## ASSIGNMENT
Among the entries below, extract exactly the lines that run from the one with "bdry_def by simp" through the one with "(* In the setting", both ends included.

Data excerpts
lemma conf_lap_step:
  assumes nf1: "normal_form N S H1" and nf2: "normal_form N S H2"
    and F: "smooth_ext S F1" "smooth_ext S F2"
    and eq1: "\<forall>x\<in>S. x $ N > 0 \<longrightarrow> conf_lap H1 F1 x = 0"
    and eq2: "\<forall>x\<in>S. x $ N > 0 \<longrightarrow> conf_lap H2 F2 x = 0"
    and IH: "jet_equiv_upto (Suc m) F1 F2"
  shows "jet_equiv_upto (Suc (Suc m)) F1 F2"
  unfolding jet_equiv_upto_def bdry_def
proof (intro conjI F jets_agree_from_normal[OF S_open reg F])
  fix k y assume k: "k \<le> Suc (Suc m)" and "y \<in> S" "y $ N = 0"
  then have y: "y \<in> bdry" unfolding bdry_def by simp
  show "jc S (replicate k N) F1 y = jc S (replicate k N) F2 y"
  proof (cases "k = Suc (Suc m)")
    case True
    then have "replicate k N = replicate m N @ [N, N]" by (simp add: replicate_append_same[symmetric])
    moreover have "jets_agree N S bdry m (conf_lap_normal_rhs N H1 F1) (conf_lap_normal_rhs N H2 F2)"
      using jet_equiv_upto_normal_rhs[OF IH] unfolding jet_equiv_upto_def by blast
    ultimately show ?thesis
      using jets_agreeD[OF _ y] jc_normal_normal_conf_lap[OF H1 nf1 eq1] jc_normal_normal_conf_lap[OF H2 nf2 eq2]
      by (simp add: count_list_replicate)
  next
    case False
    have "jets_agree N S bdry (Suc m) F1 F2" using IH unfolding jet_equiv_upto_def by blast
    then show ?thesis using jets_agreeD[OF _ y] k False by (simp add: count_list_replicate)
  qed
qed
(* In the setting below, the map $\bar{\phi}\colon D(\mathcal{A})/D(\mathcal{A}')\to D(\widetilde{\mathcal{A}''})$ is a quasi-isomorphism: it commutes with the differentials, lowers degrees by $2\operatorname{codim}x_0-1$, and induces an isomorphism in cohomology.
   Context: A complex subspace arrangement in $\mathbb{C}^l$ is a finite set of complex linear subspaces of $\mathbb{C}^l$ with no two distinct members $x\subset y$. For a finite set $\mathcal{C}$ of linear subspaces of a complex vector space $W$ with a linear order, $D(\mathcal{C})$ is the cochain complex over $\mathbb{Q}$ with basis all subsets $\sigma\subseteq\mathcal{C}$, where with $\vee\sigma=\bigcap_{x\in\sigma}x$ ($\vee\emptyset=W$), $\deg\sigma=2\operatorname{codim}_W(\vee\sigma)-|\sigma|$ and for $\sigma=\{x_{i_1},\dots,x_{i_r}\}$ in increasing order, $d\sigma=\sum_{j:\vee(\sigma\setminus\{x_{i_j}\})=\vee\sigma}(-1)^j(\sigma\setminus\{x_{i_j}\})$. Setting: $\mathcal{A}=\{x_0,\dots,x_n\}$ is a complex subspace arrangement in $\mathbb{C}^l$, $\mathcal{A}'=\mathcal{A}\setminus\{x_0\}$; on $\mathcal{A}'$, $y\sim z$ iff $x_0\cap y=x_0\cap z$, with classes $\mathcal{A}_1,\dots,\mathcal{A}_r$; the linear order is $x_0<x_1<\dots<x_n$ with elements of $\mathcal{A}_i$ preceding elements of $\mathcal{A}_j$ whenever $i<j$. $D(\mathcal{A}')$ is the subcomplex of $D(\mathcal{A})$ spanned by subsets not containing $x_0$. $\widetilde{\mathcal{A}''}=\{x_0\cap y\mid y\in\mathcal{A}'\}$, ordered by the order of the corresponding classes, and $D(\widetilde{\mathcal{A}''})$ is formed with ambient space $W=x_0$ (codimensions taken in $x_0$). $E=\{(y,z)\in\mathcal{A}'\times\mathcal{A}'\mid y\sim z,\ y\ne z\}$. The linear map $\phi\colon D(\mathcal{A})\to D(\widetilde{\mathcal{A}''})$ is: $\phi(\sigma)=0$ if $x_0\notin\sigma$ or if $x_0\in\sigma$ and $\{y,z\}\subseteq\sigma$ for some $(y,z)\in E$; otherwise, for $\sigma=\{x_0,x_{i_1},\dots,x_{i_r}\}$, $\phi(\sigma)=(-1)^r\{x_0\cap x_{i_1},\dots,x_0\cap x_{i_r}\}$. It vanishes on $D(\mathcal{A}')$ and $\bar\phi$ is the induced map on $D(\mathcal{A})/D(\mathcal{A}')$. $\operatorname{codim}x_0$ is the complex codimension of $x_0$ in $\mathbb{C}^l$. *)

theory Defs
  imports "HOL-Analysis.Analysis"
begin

---

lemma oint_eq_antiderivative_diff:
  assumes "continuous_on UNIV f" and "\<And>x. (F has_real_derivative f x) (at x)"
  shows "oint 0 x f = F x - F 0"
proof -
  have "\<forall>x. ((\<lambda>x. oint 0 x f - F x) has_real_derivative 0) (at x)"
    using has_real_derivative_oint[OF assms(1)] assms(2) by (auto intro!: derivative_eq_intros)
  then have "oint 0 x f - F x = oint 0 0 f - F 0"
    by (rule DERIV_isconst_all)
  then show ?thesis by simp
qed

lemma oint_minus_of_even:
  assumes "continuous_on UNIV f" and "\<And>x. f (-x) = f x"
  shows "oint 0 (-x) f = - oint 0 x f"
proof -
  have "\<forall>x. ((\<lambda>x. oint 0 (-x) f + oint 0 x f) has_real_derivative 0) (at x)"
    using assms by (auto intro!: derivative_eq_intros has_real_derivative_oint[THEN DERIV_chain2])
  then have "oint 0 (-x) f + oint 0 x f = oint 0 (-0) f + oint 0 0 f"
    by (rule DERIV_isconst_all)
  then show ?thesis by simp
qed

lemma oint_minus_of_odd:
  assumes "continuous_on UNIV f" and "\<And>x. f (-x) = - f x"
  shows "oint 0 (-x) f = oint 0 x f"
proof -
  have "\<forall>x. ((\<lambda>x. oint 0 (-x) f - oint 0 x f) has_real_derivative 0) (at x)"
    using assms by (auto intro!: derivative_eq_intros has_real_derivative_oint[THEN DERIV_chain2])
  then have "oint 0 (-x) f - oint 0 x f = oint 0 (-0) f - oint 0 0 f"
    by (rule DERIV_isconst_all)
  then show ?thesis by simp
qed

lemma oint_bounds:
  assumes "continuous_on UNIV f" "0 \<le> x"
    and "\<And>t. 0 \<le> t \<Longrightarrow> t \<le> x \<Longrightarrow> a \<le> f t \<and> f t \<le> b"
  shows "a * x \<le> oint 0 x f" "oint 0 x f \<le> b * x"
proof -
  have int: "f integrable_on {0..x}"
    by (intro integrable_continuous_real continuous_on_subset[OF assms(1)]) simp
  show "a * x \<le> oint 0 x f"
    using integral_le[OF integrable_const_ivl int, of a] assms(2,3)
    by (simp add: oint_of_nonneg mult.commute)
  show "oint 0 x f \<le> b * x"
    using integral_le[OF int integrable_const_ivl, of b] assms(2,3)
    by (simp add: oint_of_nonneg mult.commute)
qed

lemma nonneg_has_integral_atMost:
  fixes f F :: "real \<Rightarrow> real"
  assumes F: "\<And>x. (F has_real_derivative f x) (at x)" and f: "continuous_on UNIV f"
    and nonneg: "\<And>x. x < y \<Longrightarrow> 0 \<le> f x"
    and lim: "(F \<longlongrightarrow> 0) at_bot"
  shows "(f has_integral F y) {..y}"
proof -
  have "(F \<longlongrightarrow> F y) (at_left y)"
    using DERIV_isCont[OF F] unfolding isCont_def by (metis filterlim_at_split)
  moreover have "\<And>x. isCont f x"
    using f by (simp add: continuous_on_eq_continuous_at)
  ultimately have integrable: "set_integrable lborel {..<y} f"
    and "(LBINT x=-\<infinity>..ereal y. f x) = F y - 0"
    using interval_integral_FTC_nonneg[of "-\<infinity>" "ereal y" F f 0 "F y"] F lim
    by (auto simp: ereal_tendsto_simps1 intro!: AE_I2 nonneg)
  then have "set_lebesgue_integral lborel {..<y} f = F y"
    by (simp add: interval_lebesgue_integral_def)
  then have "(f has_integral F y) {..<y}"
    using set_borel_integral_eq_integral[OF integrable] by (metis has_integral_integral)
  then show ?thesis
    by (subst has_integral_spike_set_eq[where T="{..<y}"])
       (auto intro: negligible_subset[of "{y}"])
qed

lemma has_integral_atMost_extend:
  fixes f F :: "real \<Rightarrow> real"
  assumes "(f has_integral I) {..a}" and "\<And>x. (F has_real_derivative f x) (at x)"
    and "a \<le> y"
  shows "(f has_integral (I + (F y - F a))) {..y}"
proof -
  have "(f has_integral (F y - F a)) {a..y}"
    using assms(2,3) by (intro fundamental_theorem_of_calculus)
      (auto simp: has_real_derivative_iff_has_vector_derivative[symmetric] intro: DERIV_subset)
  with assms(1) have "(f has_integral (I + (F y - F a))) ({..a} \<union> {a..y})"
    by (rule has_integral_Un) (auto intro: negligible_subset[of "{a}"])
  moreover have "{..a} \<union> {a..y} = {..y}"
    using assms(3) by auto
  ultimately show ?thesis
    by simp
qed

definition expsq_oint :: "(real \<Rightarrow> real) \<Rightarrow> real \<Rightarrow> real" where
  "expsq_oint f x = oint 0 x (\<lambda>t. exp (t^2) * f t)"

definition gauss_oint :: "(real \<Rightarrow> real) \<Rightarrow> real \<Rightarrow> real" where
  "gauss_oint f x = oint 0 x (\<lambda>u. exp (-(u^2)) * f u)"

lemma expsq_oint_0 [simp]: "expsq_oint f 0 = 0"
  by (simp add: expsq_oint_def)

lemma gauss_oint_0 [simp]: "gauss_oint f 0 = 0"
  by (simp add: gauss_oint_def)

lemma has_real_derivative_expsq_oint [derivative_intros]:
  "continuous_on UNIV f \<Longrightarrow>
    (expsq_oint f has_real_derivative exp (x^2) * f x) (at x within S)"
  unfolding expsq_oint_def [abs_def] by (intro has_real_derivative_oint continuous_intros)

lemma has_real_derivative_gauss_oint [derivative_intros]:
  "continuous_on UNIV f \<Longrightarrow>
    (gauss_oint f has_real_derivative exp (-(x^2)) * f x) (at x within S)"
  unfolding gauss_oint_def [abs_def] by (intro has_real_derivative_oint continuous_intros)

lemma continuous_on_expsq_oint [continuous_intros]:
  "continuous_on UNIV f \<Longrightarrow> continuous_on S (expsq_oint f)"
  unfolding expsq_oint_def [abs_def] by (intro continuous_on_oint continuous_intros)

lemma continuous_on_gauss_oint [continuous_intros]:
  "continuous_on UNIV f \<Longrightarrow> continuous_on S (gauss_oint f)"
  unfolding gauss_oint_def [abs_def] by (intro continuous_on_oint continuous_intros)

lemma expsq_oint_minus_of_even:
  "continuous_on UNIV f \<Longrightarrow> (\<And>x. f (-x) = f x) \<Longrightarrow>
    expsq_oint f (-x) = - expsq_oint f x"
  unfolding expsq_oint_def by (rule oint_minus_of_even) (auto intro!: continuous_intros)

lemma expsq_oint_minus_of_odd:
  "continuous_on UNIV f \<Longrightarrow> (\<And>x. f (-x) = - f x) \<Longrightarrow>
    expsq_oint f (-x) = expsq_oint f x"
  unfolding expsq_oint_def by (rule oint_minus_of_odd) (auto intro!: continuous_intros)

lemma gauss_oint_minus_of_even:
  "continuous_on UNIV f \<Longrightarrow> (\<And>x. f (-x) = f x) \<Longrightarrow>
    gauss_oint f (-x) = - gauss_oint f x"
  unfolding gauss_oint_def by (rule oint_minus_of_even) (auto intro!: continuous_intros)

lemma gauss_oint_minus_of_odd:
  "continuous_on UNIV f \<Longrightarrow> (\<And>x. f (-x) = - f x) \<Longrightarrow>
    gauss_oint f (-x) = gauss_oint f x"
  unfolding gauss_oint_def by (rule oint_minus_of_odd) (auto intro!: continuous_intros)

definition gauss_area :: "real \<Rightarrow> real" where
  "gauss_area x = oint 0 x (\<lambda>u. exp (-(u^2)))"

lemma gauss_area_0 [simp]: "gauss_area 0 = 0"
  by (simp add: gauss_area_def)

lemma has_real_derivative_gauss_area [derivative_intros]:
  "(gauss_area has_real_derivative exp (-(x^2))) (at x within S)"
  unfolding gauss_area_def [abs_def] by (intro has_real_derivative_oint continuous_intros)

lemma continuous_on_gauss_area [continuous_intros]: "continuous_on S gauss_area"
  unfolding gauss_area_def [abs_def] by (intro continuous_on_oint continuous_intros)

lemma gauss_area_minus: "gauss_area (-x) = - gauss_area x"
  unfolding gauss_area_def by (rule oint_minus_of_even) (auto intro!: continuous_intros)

## OUTPUT BELOW
  then have y: "y \<in> bdry" unfolding bdry_def by simp
  show "jc S (replicate k N) F1 y = jc S (replicate k N) F2 y"
  proof (cases "k = Suc (Suc m)")
    case True
    then have "replicate k N = replicate m N @ [N, N]" by (simp add: replicate_append_same[symmetric])
    moreover have "jets_agree N S bdry m (conf_lap_normal_rhs N H1 F1) (conf_lap_normal_rhs N H2 F2)"
      using jet_equiv_upto_normal_rhs[OF IH] unfolding jet_equiv_upto_def by blast
    ultimately show ?thesis
      using jets_agreeD[OF _ y] jc_normal_normal_conf_lap[OF H1 nf1 eq1] jc_normal_normal_conf_lap[OF H2 nf2 eq2]
      by (simp add: count_list_replicate)
  next
    case False
    have "jets_agree N S bdry (Suc m) F1 F2" using IH unfolding jet_equiv_upto_def by blast
    then show ?thesis using jets_agreeD[OF _ y] k False by (simp add: count_list_replicate)
  qed
qed
(* In the setting below, the map $\bar{\phi}\colon D(\mathcal{A})/D(\mathcal{A}')\to D(\widetilde{\mathcal{A}''})$ is a quasi-isomorphism: it commutes with the differentials, lowers degrees by $2\operatorname{codim}x_0-1$, and induces an isomorphism in cohomology.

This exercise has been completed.